PATTERN Cited by 1 source
Kafka broadcast for shared state¶
When every node in a service cluster must converge on a shared, eventually-consistent view of state — and consensus or bespoke gossip would be overkill — publish each node's local updates to a Kafka topic that all cluster nodes consume. Every node thereby receives every other node's updates.
Shape¶
Node A Node B Node C Node D
| | | |
v v v v
+-------- Kafka broadcast topic (all nodes subscribe) --------+
^ ^ ^ ^
| | | |
Node A Node B Node C Node D
(each node consumes from the topic, including its own writes)
Each node:
- Receives some slice of work from upstream load balancing.
- Derives shared state from its slice of the work.
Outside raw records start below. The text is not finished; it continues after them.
section \<open>The link of a ray\<close>

lemma orthogonal_triple_eq_0:
  fixes e1 e2 u x :: "real^3"
  assumes "e1 \<noteq> 0" "e2 \<noteq> 0" "u \<noteq> 0" "e1 \<bullet> e2 = 0" "e1 \<bullet> u = 0" "e2 \<bullet> u = 0"
    and "x \<bullet> e1 = 0" "x \<bullet> e2 = 0" "x \<bullet> u = 0"
  shows "x = 0"
proof (rule ccontr)
  assume x: "x \<noteq> 0"
  have "pairwise orthogonal {e1, e2, u, x}"
    unfolding pairwise_def orthogonal_def using assms by (auto simp: inner_commute)
  then have "independent {e1, e2, u, x}"
    by (rule pairwise_orthogonal_independent) (use assms x in auto)
  then have "card {e1, e2, u, x} \<le> DIM(real^3)" using independent_bound by blast
  moreover have "e1 \<noteq> e2" "e1 \<noteq> u" "e2 \<noteq> u" "x \<noteq> e1" "x \<noteq> e2" "x \<noteq> u"
    using assms x by auto
  then have "card {e1, e2, u, x} = 4" by auto
  ultimately show False by simp
qed

lemma sum_delta_scaleR:
  fixes w :: "'a \<Rightarrow> 'b::real_vector"
  assumes "finite T" "a \<in> T"
  shows "(\<Sum>i\<in>T. (if i = a then k else 0) *\<^sub>R w i) = k *\<^sub>R w a"
proof -
  have "(\<Sum>i\<in>T. (if i = a then k else 0) *\<^sub>R w i) = (\<Sum>i\<in>T. if i = a then k *\<^sub>R w i else 0)"
    by (rule sum.cong) auto
  then show ?thesis using assms by simp
qed

locale cyclic_link =
  fixes v :: "'n::{finite,linorder} \<Rightarrow> real^3" and F :: "'n set set" and s :: 'n
    and js :: "'n list" and e1 e2 :: "real^3"
  assumes fan: "complete_simplicial_fan v F"
    and distinct_js: "distinct js" and set_js: "set js = nbrs F s"
    and e1_unit: "e1 \<bullet> e1 = 1" and e2_unit: "e2 \<bullet> e2 = 1" and e1_e2: "e1 \<bullet> e2 = 0"
    and e1_vs: "e1 \<bullet> v s = 0" and e2_vs: "e2 \<bullet> v s = 0"
    and sorted_Arg: "sorted_wrt (>) (map (\<lambda>j. Arg (Complex (v j \<bullet> e1) (v j \<bullet> e2))) js)"
begin

definition proj :: "real^3 \<Rightarrow> complex" where
  "proj x = Complex (x \<bullet> e1) (x \<bullet> e2)"

abbreviation zeta :: "'n \<Rightarrow> complex" where
  "zeta j \<equiv> proj (v j)"

abbreviation l :: nat where
  "l \<equiv> length js"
- Publishes deltas (or complete state fragments) to the broadcast topic.
- Consumes the topic and merges everyone's updates — including its own — into its local in-memory view.
When this is the right choice¶
- Convergence, not consensus. You want eventual consistency (merge the union of statements), not a totally-ordered log.
- Low update rate. Broadcast cost scales with O(updates × nodes).
- Existing Kafka. Reuse the org's Kafka rather than operating a separate gossip mesh / Raft cluster.
- State is idempotently mergeable. Each update is a self-contained statement that's safe to apply multiple times or out of order (e.g. a heartbeat time range).
When it's the wrong choice¶
- High update rate or large per-node state. Broadcast becomes a bandwidth tax.
- Strict consistency needed. Kafka is at-least-once; nodes may see different state briefly. Consensus is required when atomic transitions matter.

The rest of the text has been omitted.